We've certainly had problems with the channel filling up and overflowing in the inside of the fridge. Haven't had the vent off to see whether we have an overflowing beaker as well, but suspect no water is actually going down the pipe....... I mop up the inside of the fridge on a regular basis, but am concerned if there is a possibility of water leaking into the van somewhere 8O


----------



## davesport (Nov 12, 2006)

Mine's was full to about 10 mm from the top & there are tell-tale marks on the woodwork below where you can see there has been spillage. It's a new van so this has happened very recently. Not great but easy to fix.


----------



## Sagedog (Jun 28, 2005)

Just popped out to tinker on the van and remembered reading this a few days ago so whipped off the grill and had a look










seems a common issue does anyone else have the tube in the bottom right side that can just be made out -blinkin sun!!


----------



## Spacerunner (Mar 18, 2006)

Well you can see the design dilemma can't you. For fastest evaporation it needs to be saucer shaped for largest surface area. But that would spill easily when moving. So, they make it beaker shaped, this cuts down the surface area and slows evaporation, but stops the water slopping out when on the road. Who'd be a designer. :?


----------



## 101600 (Oct 30, 2006)

Ex fridge man here. As has been said before it is not only leisure fridges that have ths problem many doemstic ones do too its just you dont notice it 8O 

Your only real solution is to make the water drain off outside the van as also said before. Just check it once a month for a blockage. i am sure this could be adapted to do this! If it was on my van i would have a go, but that is up to you. The only solution is to drain it off and to protect your van i would keep an eye on it.


----------



## Sagedog (Jun 28, 2005)

Sorted mine  I took a longer hose from the iornmongers and fed it down though the hole on the picture which just drains to the underside of the van.










Obviously I did pay for the hose that I took from the iornmongrs!! :wink:


----------



## Spacerunner (Mar 18, 2006)

Just checked my m/h. I have a 175 litre Dometic with separate freezer. No water build up at all. The surrounding area is completely dry suggesting that there has never been any spillage. The fridge is on nearly all the time. Its parked on the drive hooked up to mains and is ready to go away at a moments notice so the fridge is always stocked. The freezer section is totally separate.
So maybe when after a trip the fridge is switched off and defrosts the condensate fills the beaker. It sits on a pipe which is normally hot during operation, this obviously speeds up evaporation. Of course when the fridge is off this pipe is cold and can no longer aid rapid evaporation. So the beaker fills up and eventually overflows. If your freezer is integral with the fridge and has built up a lot of ice during prolonged use then this will increase the problem.

Just a theory.

John


----------



## teemyob (Nov 22, 2005)

*Overflow*

Hello,

In high humidity and temperatures the tub will overflow,
If you want my advice....

Remove the condensate evaporator tub and fit some re-inforced tubing to the outlet drain and make a hole in the floor (2 if you have a double floor) and lay the pipe out so the water drips out to the ground, remembering to seal around the pipes with silicone or similar where the pipe goes through the floor.

Trev


----------



## gandj (May 11, 2005)

John. Like you, our fridge is never off. We are virtually fulltime. When we park on fatherinlaws drive for 2 or 3 weeks we leave the fridge full and running on mains. However, we live in the house and so only open the fridge door infrequently. Under these conditins the fridge does not produce enough condensate to overflow the beaker. As soon as we begin using he fridge normally again, ie. open/closing the door, the problem reoccurs. 

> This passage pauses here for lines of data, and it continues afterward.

(* Let $a,b>0$ with $\min(a,b)\ge 1$, let $s\in\mathbb{R}$ and let $\gamma>0$ be a constant. Then the function $$ g(x)=\gamma\left(\left(\tfrac{a}{2}\right)^2+\left(\tfrac{x}{2}\right)^2\right)^{\frac{a-1}{2}}\left(\left(\tfrac{b}{2}\right)^2+\left(\tfrac{s-x}{2}\right)^2\right)^{\frac{b-1}{2}}e^{-x\arctan\left(\frac{x}{a}\right)-(s-x)\arctan\left(\frac{s-x}{b}\right)},\quad x\in\mathbb{R}, $$ is log-concave on $\mathbb{R}$.
   Context: A positive function $g$ on $\mathbb{R}$ is log-concave if $\log g$ is concave. *)

theory Defs
  imports "HOL-Analysis.Analysis"
begin

definition log_concave :: "(real \<Rightarrow> real) \<Rightarrow> bool" where
  "log_concave g \<longleftrightarrow> (\<forall>x. g x > 0) \<and> concave_on UNIV (\<lambda>x. ln (g x))"

end

theory Submission
  imports Defs
begin

text \<open>
  Writing \<open>\<phi>\<^sub>c(x) = x arctan (x/c) - (c - 1)/2 ln ((c/2)\<^sup>2 + (x/2)\<^sup>2)\<close>, the function
  is \<open>\<gamma> exp (- \<phi>\<^sub>a(x) - \<phi>\<^sub>b(s - x))\<close>, so it suffices that each \<open>\<phi>\<^sub>c\<close> is convex.
  Its second derivative is \<open>(c\<^sup>2 + c\<^sup>3 + (c - 1) x\<^sup>2) / (c\<^sup>2 + x\<^sup>2)\<^sup>2\<close>, which is
  nonnegative exactly when \<open>c \<ge> 1\<close>.
\<close>

definition arctan_potential :: "real \<Rightarrow> real \<Rightarrow> real" where
  "arctan_potential c x = x * arctan (x / c) - (c - 1) / 2 * ln ((c/2)^2 + (x/2)^2)"

lemma arctan_potential_has_derivative:
  assumes "c > 0"
  shows "(arctan_potential c has_real_derivative arctan (x/c) + x / (c^2 + x^2)) (at x)"
proof -
  have pos: "c^2 + x^2 > 0"
    using assms by (simp add: add_pos_nonneg)
  have "((\<lambda>x. x * arctan (x / c)) has_real_derivative arctan (x/c) + c * x / (c^2 + x^2)) (at x)"
    using assms pos by (auto intro!: derivative_eq_intros simp: field_simps power2_eq_square)
  moreover have "((\<lambda>x. ln ((c/2)^2 + (x/2)^2)) has_real_derivative 2 * x / (c^2 + x^2)) (at x)"
    using pos by (auto intro!: derivative_eq_intros simp: field_simps power2_eq_square)
  ultimately have "(arctan_potential c has_real_derivative
      arctan (x/c) + c * x / (c^2 + x^2) - (c - 1) / 2 * (2 * x / (c^2 + x^2))) (at x)"
    unfolding arctan_potential_def[abs_def] by (intro DERIV_diff DERIV_cmult)
  moreover have "c * x / D - (c - 1) / 2 * (2 * x / D) = x / D" if "D > 0" for D :: real
    using that by (simp add: field_simps)
  ultimately show ?thesis
    using pos by (simp add: algebra_simps)
qed

lemma arctan_potential_deriv_has_derivative:
  assumes "c > 0"
  shows "((\<lambda>x. arctan (x/c) + x / (c^2 + x^2)) has_real_derivative
           (c^2 + c^3 + (c - 1) * x^2) / (c^2 + x^2)^2) (at x)"
proof -
  have pos: "c^2 + x^2 > 0"
    using assms by (simp add: add_pos_nonneg)
  have "((\<lambda>x. arctan (x/c)) has_real_derivative c / (c^2 + x^2)) (at x)"
    using assms pos by (auto intro!: derivative_eq_intros simp: field_simps power2_eq_square)
  moreover have "((\<lambda>x. x / (c^2 + x^2)) has_real_derivative (c^2 - x^2) / (c^2 + x^2)^2) (at x)"
    using pos by (auto intro!: derivative_eq_intros simp: field_simps power2_eq_square)
  ultimately have "((\<lambda>x. arctan (x/c) + x / (c^2 + x^2)) has_real_derivative
      c / (c^2 + x^2) + (c^2 - x^2) / (c^2 + x^2)^2) (at x)"
    by (intro derivative_intros)
  moreover have "c / D + (c^2 - x^2) / D^2 = (c * D + c^2 - x^2) / D^2" if "D > 0" for D :: real
    using that by (simp add: field_simps power2_eq_square)
  moreover have "c * (c^2 + x^2) + c^2 - x^2 = c^2 + c^3 + (c - 1) * x^2"
    by (simp add: algebra_simps power3_eq_cube power2_eq_square)
  ultimately show ?thesis
    using pos by simp
qed

lemma convex_on_arctan_potential:
  assumes "c \<ge> 1"
  shows "convex_on UNIV (arctan_potential c)"
proof (rule f''_ge0_imp_convex[OF convex_UNIV])
  show "(arctan_potential c has_real_derivative arctan (x/c) + x / (c^2 + x^2)) (at x)" for x
    using assms by (simp add: arctan_potential_has_derivative)
  show "((\<lambda>x. arctan (x/c) + x / (c^2 + x^2)) has_real_derivative
          (c^2 + c^3 + (c - 1) * x^2) / (c^2 + x^2)^2) (at x)" for x
    using assms by (simp add: arctan_potential_deriv_has_derivative)
  show "0 \<le> (c^2 + c^3 + (c - 1) * x^2) / (c^2 + x^2)^2" for x
    using assms by (intro divide_nonneg_nonneg) auto
qed

lemma convex_on_reflect:
  fixes f :: "'a::real_vector \<Rightarrow> real"
  assumes "convex_on UNIV f"
  shows "convex_on UNIV (\<lambda>x. f (s - x))"
proof (rule convex_onI)
  fix t :: real and x y :: 'a
  assume t: "0 < t" "t < 1"
  have "s - ((1 - t) *\<^sub>R x + t *\<^sub>R y) = (1 - t) *\<^sub>R (s - x) + t *\<^sub>R (s - y)"
    by (simp add: algebra_simps)
  then show "f (s - ((1 - t) *\<^sub>R x + t *\<^sub>R y)) \<le> (1 - t) * f (s - x) + t * f (s - y)"
    using convex_onD[OF assms, of t "s - x" "s - y"] t by simp
qed simp

lemma log_concave_mult_exp_neg:
  assumes "\<gamma> > 0" and "convex_on UNIV f"
  shows "log_concave (\<lambda>x. \<gamma> * exp (- f x))"
proof -
  have "concave_on UNIV (\<lambda>x. ln \<gamma> - f x)"
    using assms(2) by (intro concave_on_diff) (simp_all add: concave_on_const)
  then show ?thesis
    using assms(1) by (simp add: log_concave_def ln_mult)
qed

lemma powr_mult_exp_eq_exp_arctan_potential:
  assumes "c > 0"
  shows "((c/2)^2 + (x/2)^2) powr ((c - 1)/2) * exp (- x * arctan (x / c))
           = exp (- arctan_potential c x)"
proof -
  have "(c/2)^2 + (x/2)^2 > 0"
    using assms by (simp add: add_pos_nonneg)
  then show ?thesis
    using assms by (simp add: powr_def arctan_potential_def flip: exp_add)
qed

theorem lemma1:
  fixes a b s \<gamma> :: real
  assumes "a > 0" and "b > 0" and "min a b \<ge> 1" and "\<gamma> > 0"
  shows "log_concave (\<lambda>x. \<gamma> * ((a/2)^2 + (x/2)^2) powr ((a - 1)/2)
            * ((b/2)^2 + ((s - x)/2)^2) powr ((b - 1)/2)
            * exp (- x * arctan (x / a) - (s - x) * arctan ((s - x) / b)))"
proof -
  have factorization: "\<gamma> * ((a/2)^2 + (x/2)^2) powr ((a - 1)/2)
            * ((b/2)^2 + ((s - x)/2)^2) powr ((b - 1)/2)
            * exp (- x * arctan (x / a) - (s - x) * arctan ((s - x) / b))
        = \<gamma> * exp (- (arctan_potential a x + arctan_potential b (s - x)))" for x
  proof -
    have "\<gamma> * ((a/2)^2 + (x/2)^2) powr ((a - 1)/2)
            * ((b/2)^2 + ((s - x)/2)^2) powr ((b - 1)/2)
            * exp (- x * arctan (x / a) - (s - x) * arctan ((s - x) / b))
        = \<gamma> * (((a/2)^2 + (x/2)^2) powr ((a - 1)/2) * exp (- x * arctan (x / a)))
            * (((b/2)^2 + ((s - x)/2)^2) powr ((b - 1)/2) * exp (- (s - x) * arctan ((s - x) / b)))"
      by (simp add: algebra_simps flip: exp_add)
    also have "\<dots> = \<gamma> * exp (- arctan_potential a x) * exp (- arctan_potential b (s - x))"
      using assms(1,2) by (simp only: powr_mult_exp_eq_exp_arctan_potential)
    finally show ?thesis
      by (simp add: mult.assoc flip: exp_add)
  qed
  have "convex_on UNIV (\<lambda>x. arctan_potential a x + arctan_potential b (s - x))"
    using assms(3) by (intro convex_on_add convex_on_arctan_potential convex_on_reflect) simp_all
  then show ?thesis
    unfolding factorization by (rule log_concave_mult_exp_neg[OF assms(4)])
qed

end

As others have said, and I agree, the evaporation beaker (on hot pipe) cannot cope with the amount of condensate produced under normal use. Why you do not sufer I do not know. Perhaps here is something about the Chausson setup which helps. In my Burstner it can take up to 2 weeks. So some people will be back home before the problem starts?

Trev. A number of us have made the kind of modification you suggest. What about the people who are unaware and have water damage developing. Dealers should be recalling and fitting a mod to all such vans.

Graham


----------



## ColinC (Oct 19, 2007)

Hi Gandj

I posted a new thread on this topic earlier today (Problem with Dometic fridge/freezer) not having seen yours! Had my attention drawn to yours! We certainly have a lot of condensation building up but from what I can see the beaker in the back of the fridge hasn't been overflowing. The main problem for us so far has been mopping up water inside the fridge. I am beginning to suspect the door seal, or wonder if we are not closing fridge door tight enough. Will check again when we go away at the end of the month.

Colin


----------